(Beginning of EXTRACTED DATA)

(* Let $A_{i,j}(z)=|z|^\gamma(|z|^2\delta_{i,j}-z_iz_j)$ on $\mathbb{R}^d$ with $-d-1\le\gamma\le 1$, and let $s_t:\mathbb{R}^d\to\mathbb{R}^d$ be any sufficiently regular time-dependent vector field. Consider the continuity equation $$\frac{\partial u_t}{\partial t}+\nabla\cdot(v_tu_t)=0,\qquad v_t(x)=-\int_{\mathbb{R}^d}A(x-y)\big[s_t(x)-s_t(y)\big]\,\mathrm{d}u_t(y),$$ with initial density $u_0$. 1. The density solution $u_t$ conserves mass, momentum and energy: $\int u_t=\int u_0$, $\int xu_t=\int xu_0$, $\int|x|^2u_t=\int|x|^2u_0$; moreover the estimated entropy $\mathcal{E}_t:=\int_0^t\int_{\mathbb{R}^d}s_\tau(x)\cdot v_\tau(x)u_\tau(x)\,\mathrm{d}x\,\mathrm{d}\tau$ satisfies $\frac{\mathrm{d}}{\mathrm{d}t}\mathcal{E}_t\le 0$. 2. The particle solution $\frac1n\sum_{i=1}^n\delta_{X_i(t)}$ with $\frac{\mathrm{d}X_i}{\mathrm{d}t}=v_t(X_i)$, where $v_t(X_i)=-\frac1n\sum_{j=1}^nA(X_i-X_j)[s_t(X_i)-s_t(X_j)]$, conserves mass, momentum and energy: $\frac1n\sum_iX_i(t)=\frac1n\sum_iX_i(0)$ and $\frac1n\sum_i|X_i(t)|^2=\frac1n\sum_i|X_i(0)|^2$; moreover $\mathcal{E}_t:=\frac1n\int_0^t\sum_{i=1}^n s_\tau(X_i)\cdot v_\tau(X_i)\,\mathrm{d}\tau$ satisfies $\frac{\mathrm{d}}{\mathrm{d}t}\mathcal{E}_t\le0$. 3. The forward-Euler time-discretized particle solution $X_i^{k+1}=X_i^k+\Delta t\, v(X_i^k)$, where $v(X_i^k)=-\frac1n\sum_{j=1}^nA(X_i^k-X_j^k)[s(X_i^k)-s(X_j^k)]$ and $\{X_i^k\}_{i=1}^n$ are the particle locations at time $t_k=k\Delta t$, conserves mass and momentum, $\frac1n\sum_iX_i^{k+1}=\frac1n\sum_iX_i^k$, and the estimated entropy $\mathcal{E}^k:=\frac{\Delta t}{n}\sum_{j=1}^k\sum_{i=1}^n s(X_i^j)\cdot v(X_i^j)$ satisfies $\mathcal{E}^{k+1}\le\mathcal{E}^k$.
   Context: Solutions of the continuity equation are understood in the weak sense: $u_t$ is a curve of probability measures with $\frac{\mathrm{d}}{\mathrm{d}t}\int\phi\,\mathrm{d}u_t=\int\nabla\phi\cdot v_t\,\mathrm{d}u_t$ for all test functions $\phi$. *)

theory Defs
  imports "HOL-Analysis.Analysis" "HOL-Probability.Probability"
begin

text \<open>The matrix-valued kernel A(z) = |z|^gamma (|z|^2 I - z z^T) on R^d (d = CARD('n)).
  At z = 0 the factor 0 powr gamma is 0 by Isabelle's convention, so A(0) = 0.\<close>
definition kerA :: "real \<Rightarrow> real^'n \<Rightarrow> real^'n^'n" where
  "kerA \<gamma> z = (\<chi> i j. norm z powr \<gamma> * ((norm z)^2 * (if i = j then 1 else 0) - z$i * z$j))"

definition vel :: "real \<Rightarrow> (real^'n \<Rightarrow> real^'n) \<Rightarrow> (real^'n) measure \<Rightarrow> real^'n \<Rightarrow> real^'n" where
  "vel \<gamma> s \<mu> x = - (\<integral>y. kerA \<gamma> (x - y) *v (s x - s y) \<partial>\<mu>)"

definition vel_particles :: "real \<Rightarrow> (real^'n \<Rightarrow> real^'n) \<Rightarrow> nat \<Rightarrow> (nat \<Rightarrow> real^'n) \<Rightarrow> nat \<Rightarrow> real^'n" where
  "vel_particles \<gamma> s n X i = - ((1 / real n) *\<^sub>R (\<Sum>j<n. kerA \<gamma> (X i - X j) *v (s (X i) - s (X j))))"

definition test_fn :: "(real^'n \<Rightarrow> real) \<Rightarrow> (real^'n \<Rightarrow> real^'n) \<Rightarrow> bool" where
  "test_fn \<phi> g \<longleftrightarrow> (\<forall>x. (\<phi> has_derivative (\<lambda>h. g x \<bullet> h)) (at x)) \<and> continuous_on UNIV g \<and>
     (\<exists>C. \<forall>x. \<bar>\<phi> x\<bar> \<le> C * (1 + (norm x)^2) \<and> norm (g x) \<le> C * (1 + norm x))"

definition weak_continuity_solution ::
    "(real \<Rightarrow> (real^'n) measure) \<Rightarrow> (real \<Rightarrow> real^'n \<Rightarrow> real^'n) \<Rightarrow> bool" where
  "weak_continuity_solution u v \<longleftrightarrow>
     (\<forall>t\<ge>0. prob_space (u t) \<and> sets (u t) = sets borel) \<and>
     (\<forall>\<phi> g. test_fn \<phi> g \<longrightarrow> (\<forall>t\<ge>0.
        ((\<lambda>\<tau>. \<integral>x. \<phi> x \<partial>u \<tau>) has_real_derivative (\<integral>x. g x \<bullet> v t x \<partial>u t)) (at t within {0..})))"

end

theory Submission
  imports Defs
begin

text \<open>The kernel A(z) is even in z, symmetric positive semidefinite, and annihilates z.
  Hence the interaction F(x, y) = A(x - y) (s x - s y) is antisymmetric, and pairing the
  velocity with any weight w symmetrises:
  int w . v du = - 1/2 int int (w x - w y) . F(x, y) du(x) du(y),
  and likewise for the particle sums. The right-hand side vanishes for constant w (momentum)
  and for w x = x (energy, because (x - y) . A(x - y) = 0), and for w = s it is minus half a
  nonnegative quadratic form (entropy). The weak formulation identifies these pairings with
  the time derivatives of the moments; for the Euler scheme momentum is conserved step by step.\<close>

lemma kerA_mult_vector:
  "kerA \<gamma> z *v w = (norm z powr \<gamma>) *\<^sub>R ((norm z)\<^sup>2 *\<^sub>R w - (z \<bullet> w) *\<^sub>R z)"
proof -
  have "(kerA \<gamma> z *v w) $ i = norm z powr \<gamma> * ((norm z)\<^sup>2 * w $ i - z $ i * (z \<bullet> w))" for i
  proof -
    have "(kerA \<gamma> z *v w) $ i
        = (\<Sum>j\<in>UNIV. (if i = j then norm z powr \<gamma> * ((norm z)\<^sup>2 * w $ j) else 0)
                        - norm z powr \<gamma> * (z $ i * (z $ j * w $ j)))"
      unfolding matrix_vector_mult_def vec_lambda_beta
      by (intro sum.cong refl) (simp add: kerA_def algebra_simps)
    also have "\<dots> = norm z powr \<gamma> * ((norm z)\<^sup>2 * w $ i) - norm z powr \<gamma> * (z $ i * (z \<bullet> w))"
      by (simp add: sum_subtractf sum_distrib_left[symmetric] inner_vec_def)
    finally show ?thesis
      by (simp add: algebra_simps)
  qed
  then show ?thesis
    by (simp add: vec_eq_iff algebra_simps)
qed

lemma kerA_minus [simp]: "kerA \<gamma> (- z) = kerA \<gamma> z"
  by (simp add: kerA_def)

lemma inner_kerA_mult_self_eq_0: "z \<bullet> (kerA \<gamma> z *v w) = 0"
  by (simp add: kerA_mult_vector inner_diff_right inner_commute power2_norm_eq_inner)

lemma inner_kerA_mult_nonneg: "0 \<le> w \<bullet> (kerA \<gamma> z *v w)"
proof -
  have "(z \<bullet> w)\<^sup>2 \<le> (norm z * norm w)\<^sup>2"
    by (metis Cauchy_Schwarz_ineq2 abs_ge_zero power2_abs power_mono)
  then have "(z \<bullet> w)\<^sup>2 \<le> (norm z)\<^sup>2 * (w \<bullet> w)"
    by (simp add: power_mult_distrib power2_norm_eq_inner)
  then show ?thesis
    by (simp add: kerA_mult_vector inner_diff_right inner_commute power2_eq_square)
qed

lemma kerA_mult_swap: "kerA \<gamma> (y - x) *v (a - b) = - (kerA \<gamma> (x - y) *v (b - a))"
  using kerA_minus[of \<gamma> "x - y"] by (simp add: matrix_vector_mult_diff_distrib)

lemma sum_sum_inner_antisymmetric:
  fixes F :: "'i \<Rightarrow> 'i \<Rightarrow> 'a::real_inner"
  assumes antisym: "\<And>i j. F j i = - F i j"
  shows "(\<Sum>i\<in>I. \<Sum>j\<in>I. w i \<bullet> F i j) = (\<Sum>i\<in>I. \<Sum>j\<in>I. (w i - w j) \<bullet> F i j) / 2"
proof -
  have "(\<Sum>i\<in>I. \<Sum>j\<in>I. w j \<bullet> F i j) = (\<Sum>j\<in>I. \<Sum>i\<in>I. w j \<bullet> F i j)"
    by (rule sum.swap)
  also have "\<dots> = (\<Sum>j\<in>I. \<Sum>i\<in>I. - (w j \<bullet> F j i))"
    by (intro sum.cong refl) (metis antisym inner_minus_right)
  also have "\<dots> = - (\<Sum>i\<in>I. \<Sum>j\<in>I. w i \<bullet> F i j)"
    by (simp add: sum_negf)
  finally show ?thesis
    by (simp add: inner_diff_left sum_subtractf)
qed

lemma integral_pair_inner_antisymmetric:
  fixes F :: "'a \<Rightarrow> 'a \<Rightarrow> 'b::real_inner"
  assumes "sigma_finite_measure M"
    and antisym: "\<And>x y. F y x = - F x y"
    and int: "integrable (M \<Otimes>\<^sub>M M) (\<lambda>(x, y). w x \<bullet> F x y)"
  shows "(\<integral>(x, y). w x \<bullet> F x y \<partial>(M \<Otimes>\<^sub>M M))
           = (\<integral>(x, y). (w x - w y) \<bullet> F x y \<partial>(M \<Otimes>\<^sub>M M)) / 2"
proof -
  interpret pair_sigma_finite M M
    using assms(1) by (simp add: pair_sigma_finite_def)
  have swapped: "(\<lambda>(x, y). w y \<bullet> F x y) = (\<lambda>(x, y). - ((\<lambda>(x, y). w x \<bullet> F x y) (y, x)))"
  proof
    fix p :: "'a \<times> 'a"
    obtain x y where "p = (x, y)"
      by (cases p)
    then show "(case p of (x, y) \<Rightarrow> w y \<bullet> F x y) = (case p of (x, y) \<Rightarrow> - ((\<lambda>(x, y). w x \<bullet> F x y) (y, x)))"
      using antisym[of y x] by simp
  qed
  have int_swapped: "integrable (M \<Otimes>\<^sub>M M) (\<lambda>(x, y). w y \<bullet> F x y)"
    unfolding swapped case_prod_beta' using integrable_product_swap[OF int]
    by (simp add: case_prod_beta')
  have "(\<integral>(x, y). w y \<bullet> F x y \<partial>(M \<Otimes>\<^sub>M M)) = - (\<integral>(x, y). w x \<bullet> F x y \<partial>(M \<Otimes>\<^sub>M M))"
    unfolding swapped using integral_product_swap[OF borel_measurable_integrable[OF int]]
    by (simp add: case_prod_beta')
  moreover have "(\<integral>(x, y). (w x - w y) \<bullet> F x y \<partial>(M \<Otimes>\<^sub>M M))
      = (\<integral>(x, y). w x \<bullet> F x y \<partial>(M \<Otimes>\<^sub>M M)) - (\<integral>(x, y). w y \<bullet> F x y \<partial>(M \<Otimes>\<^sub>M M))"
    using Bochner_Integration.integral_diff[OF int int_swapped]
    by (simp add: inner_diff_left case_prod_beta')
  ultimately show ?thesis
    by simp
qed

(End of EXTRACTED DATA)

### WORK INSTRUCTION
Gather each line from the entries above that includes the word "fixes".

### REPLY
  fixes F :: "'i \<Rightarrow> 'i \<Rightarrow> 'a::real_inner"
  fixes F :: "'a \<Rightarrow> 'a \<Rightarrow> 'b::real_inner"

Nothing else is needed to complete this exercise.